When is a macchiato not a macchiato?

Over at Thrillist, food journalist Nicole A. Taylor penned an article titled “How the Starbucks Macchiato Ruined My Indie Coffee Shop Experiences.” It’s a perspective I hadn’t entirely considered before.

The gist of the story is Taylor first encountered a macchiato at Starbucks. Now when going to indie cafes, she wonders why the drink they call a macchiato isn’t what she expects.

Here’s where my experience and hers overlap despite a significant difference. Yes, my first macchiato was at Starbucks, and yes I was also confused when ordering one elsewhere only to find it was a completely different drink. See at Starbucks what they call a “macchiato” is essentially a latte sweetened with caramel. But that’s not the traditional meaning of a “macchiato.”

My first confusion about what the word meant was at Peet’s, an American coffee chain that’s much smaller than Starbucks — though by no means an indie cafe. I was just a teenager at the time and didn’t understand why the Peet’s version of the macchiato was so much smaller and not as sweet as the drink of the same name at Starbucks.

In those ancient times before wifi, Google, and smartphones definitive answers to questions like “what is a macchiato” were not readily available.

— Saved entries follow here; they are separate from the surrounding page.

lemma dist_outside_closure_annulus_D_eta:
  fixes D :: "pt set"
  assumes "open D" "bounded D" "D \<noteq> {}" "\<eta> \<le> tmax"
    and "y \<notin> closure (annulus_D_eta D tmax \<eta> x)"
  shows "dist x y < (INF z\<in>D. dist x z) \<or> (SUP z\<in>D. dist x z) + tmax - \<eta> < dist x y"
proof (rule ccontr)
  define a where "a = (INF z\<in>D. dist x z)"
  define c where "c = (SUP z\<in>D. dist x z) + tmax - \<eta>"
  define d where "d = dist x y"
  assume "\<not> ?thesis"
  then have ad: "a \<le> d" "d \<le> c" unfolding a_def c_def d_def by auto
  have ac: "a < c" using INF_dist_less_SUP_dist[OF assms(1-3), of x] assms(4) unfolding a_def c_def by simp
  have a0: "a \<ge> 0" unfolding a_def using assms(3) by (intro cINF_greatest) auto
  obtain w where w: "norm w = 1" "y - x = d *\<^sub>R w"
    unfolding d_def by (rule exists_unit_direction)
  have "y \<in> closure (annulus_D_eta D tmax \<eta> x)"
    unfolding closure_approachable
  proof (intro allI impI)
    fix e :: real assume e: "e > 0"
    \<comment> \<open>move from \<open>y\<close> radially into the open annulus\<close>
    define s where "s = (if d < c then min (e/2) ((c - d)/2) else - min (e/2) ((c - a)/2))"
    have s: "a < d + s" "d + s < c" "\<bar>s\<bar> < e"
      using ad ac e by (auto simp: s_def min_def field_simps)
    have "dist x (y + s *\<^sub>R w) = d + s"
      using dist_add_along_direction[of w y x s] w s a0 unfolding d_def by auto
    then have "y + s *\<^sub>R w \<in> annulus_D_eta D tmax \<eta> x"
      unfolding annulus_D_eta_def using s unfolding a_def c_def by auto
    moreover have "dist (y + s *\<^sub>R w) y < e" using w s by (simp add: dist_norm)
    ultimately show "\<exists>z\<in>annulus_D_eta D tmax \<eta> x. dist z y < e" by blast
  qed
  with assms(5) show False by simp
qed

section \<open>Test functions in the range\<close>

lemma scaled_indicator_in_XD:
  assumes "S \<subseteq> D \<times> {tmin<..<tmax}" "S \<in> sets borel" "emeasure lborel S < \<infinity>"
  shows "(\<lambda>p. complex_of_real c * indicator S p) \<in> XD D tmin tmax"
  unfolding XD_def set_integrable_def
proof (intro CollectI conjI)
  show "(\<lambda>p. complex_of_real c * indicator S p) \<in> borel_measurable lborel"
    using assms(2) by measurable
  have "integrable lborel (\<lambda>p. c\<^sup>2 * indicator S p)"
    using assms(2,3) by (intro integrable_mult_right integrable_real_indicator) auto
  moreover have "indicator (D \<times> {tmin<..<tmax}) p *\<^sub>R (cmod (complex_of_real c * indicator S p))\<^sup>2
      = c\<^sup>2 * indicator S p" for p
    using assms(1) by (auto simp: indicator_def power2_eq_square norm_mult)
  ultimately show "integrable lborel (\<lambda>p. indicator (D \<times> {tmin<..<tmax}) p *\<^sub>R
      (cmod (complex_of_real c * indicator S p))\<^sup>2)"
    by simp
qed

lemma LD_uniform_source_eq_test_fn:
  fixes D :: "pt set" and tmin :: real
  assumes "ball z \<epsilon> \<subseteq> D" "\<eta> \<le> tmax" "dist x z = dist x y"
  defines "c \<equiv> 1 / ((\<eta> - tmin) * measure lborel (ball y \<epsilon>))"
  shows "LD D tmin tmax x (\<lambda>p. complex_of_real c * indicator (ball z \<epsilon> \<times> {tmin<..<\<eta>}) p) \<tau>
       = test_fn tmin x y \<eta> \<epsilon> \<tau>"
proof -
  let ?S = "ball z \<epsilon> \<times> {tmin<..<\<eta>}"
  let ?f = "\<lambda>s::real. exp (\<i> * complex_of_real (\<tau> * s))"
  have "?S \<subseteq> D \<times> {tmin<..<tmax}" using assms(1,2) by auto
  then have pointwise: "indicator (D \<times> {tmin<..<tmax}) p *\<^sub>R (?f (snd p + dist x (fst p)) * (complex_of_real c * indicator ?S p))
      = complex_of_real c * (indicator ?S p *\<^sub>R ?f (snd p + dist x (fst p)))" for p
    by (cases "p \<in> ?S") (auto simp: indicator_def)
  have "LD D tmin tmax x (\<lambda>p. complex_of_real c * indicator ?S p) \<tau>
      = complex_of_real c * (LINT p : ?S | lborel. ?f (snd p + dist x (fst p)))"
    unfolding LD_def set_lebesgue_integral_def
    by (subst Bochner_Integration.integral_cong[OF refl pointwise]) (rule integral_mult_right_zero)
  also have "\<dots> = complex_of_real c * (LINT p : ball y \<epsilon> \<times> {tmin<..<\<eta>} | lborel. ?f (snd p + dist x (fst p)))"
    using set_integral_ball_eq_if_equidistant[OF assms(3), of "{tmin<..<\<eta>}" ?f \<epsilon>] by simp
  also have "\<dots> = test_fn tmin x y \<eta> \<epsilon> \<tau>"
    unfolding test_fn_def c_def by simp
  finally show ?thesis .
qed

lemma test_fn_in_range_LD:
  fixes D :: "pt set"
  assumes "open D" "bounded D" "connected D" "D \<noteq> {}" "y \<in> annulus_D D x"
  shows "\<exists>\<epsilon>0>0. \<forall>\<epsilon>\<in>{0<..<\<epsilon>0}. \<forall>\<eta>\<in>{tmin<..tmax}.
           in_range_LD D tmin tmax K x (test_fn tmin x y \<eta> \<epsilon>)"
proof -
  obtain z where z: "z \<in> D" "dist x z = dist x y"
    using dist_attained_on_connected[OF assms(2-4)] assms(5) unfolding annulus_D_def by blast
  obtain \<delta> where \<delta>: "\<delta> > 0" "ball z \<delta> \<subseteq> D" using assms(1) z(1) openE by blast
  have "in_range_LD D tmin tmax K x (test_fn tmin x y \<eta> \<epsilon>)"
    if "\<epsilon> \<in> {0<..<\<delta>}" "\<eta> \<in> {tmin<..tmax}" for \<epsilon> \<eta>
  proof -
    let ?S = "ball z \<epsilon> \<times> {tmin<..<\<eta>}"
    let ?c = "1 / ((\<eta> - tmin) * measure lborel (ball y \<epsilon>))"
    have "ball z \<epsilon> \<subseteq> D" using \<delta> that(1) by auto
    moreover have "emeasure lborel ?S < \<infinity>"
      by (intro emeasure_bounded_finite bounded_Times) auto
    ultimately have "(\<lambda>p. complex_of_real ?c * indicator ?S p) \<in> XD D tmin tmax"
      using that(2) by (intro scaled_indicator_in_XD borel_open open_Times) auto
    moreover have "LD D tmin tmax x (\<lambda>p. complex_of_real ?c * indicator ?S p) \<tau> = test_fn tmin x y \<eta> \<epsilon> \<tau>" for \<tau>
      using \<open>ball z \<epsilon> \<subseteq> D\<close> that(2) z(2) by (intro LD_uniform_source_eq_test_fn) auto
    ultimately show ?thesis unfolding in_range_LD_def by auto
  qed
  with \<delta>(1) show ?thesis by blast
qed

section \<open>Test functions outside the range\<close>

lemma set_integrable_if_square_integrable:
  fixes u :: "'a \<Rightarrow> complex"
  assumes [measurable]: "u \<in> borel_measurable M" "S \<in> sets M"
    and "emeasure M S < \<infinity>" and square: "set_integrable M S (\<lambda>p. (cmod (u p))\<^sup>2)"
  shows "set_integrable M S u"
  unfolding set_integrable_def
proof (rule Bochner_Integration.integrable_bound)
  show "integrable M (\<lambda>p. indicator S p + indicator S p *\<^sub>R (cmod (u p))\<^sup>2 :: real)"
    using assms(3) square unfolding set_integrable_def
    by (intro Bochner_Integration.integrable_add integrable_real_indicator) auto
  have "cmod (u p) \<le> 1 + (cmod (u p))\<^sup>2" for p
    using sum_power2_ge_zero[of "cmod (u p) - 1" 0]
    by (simp add: power2_eq_square algebra_simps) (use norm_ge_zero[of "u p"] in linarith)
  then show "AE p in M. norm (indicator S p *\<^sub>R u p) \<le> norm (indicator S p + indicator S p *\<^sub>R (cmod (u p))\<^sup>2 :: real)"
    by (intro AE_I2) (auto simp: indicator_def)
qed simp

lemma set_integral_pos_if_continuous:
  fixes f :: "'a::euclidean_space \<Rightarrow> real"
  assumes "open U" "continuous_on UNIV f" "\<And>p. f p \<ge> 0" "p \<in> U" "f p > 0"
    and "set_integrable lborel U f"
  shows "(LINT p:U|lborel. f p) > 0"
proof -
  have "(LINT p:U|lborel. f p) \<noteq> 0"
  proof
    assume "(LINT p:U|lborel. f p) = 0"
    then have "AE p in lborel. indicator U p * f p = 0"
      using assms(3,6) integral_nonneg_eq_0_iff_AE[of lborel "\<lambda>p. indicator U p * f p"]
      unfolding set_integrable_def set_lebesgue_integral_def by simp
    moreover have "open (U \<inter> {p. f p > 0})"
      using assms(1,2) by (intro open_Int open_Collect_less continuous_intros) auto
    ultimately obtain q where "q \<in> U \<inter> {p. f p > 0}" "indicator U q * f q = 0"
      using AE_lborel_imp_ex_in_open[of "\<lambda>p. indicator U p * f p = 0"] assms(4,5) by blast
    then show False by simp
  qed
  moreover have "(LINT p:U|lborel. f p) \<ge> 0"
    using assms(3) unfolding set_lebesgue_integral_def by (intro integral_nonneg_AE) auto
  ultimately show ?thesis by simp
qed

The answer by the way is Starbucks has muddied the waters so to speak; if you want a traditional macchiato at Starbucks you have to specifically order an “espresso macchiato.”

But Taylor’s life experience is quite different from mine. She’s an African American woman from the South, now living somewhere on the East Coast. A typically pretentious indie coffee shop doesn’t just have cold customer service, when they don’t make a macchiato the way she’s used to it makes her question if she’s being discriminated against for either her race or southern accent.

Taylor’s reaction might seem odd at first, but as a white man from California I’ve never experienced discrimination on either of those two fronts. I haven’t lived in her shoes and who am I to judge the experiences of others anyway?

Although she eventually learned like many of us about the difference between a traditional macchiato vs. a Starbucks macchiato, her takeaway is that Starbucks has friendlier customer service than most indie cafes, which… is almost certainly true. Though I have to say, if only Starbucks had given their sugary, caramel beverage a unique name instead of re-branding the humble macchiato we wouldn’t be having this conversation in the first place.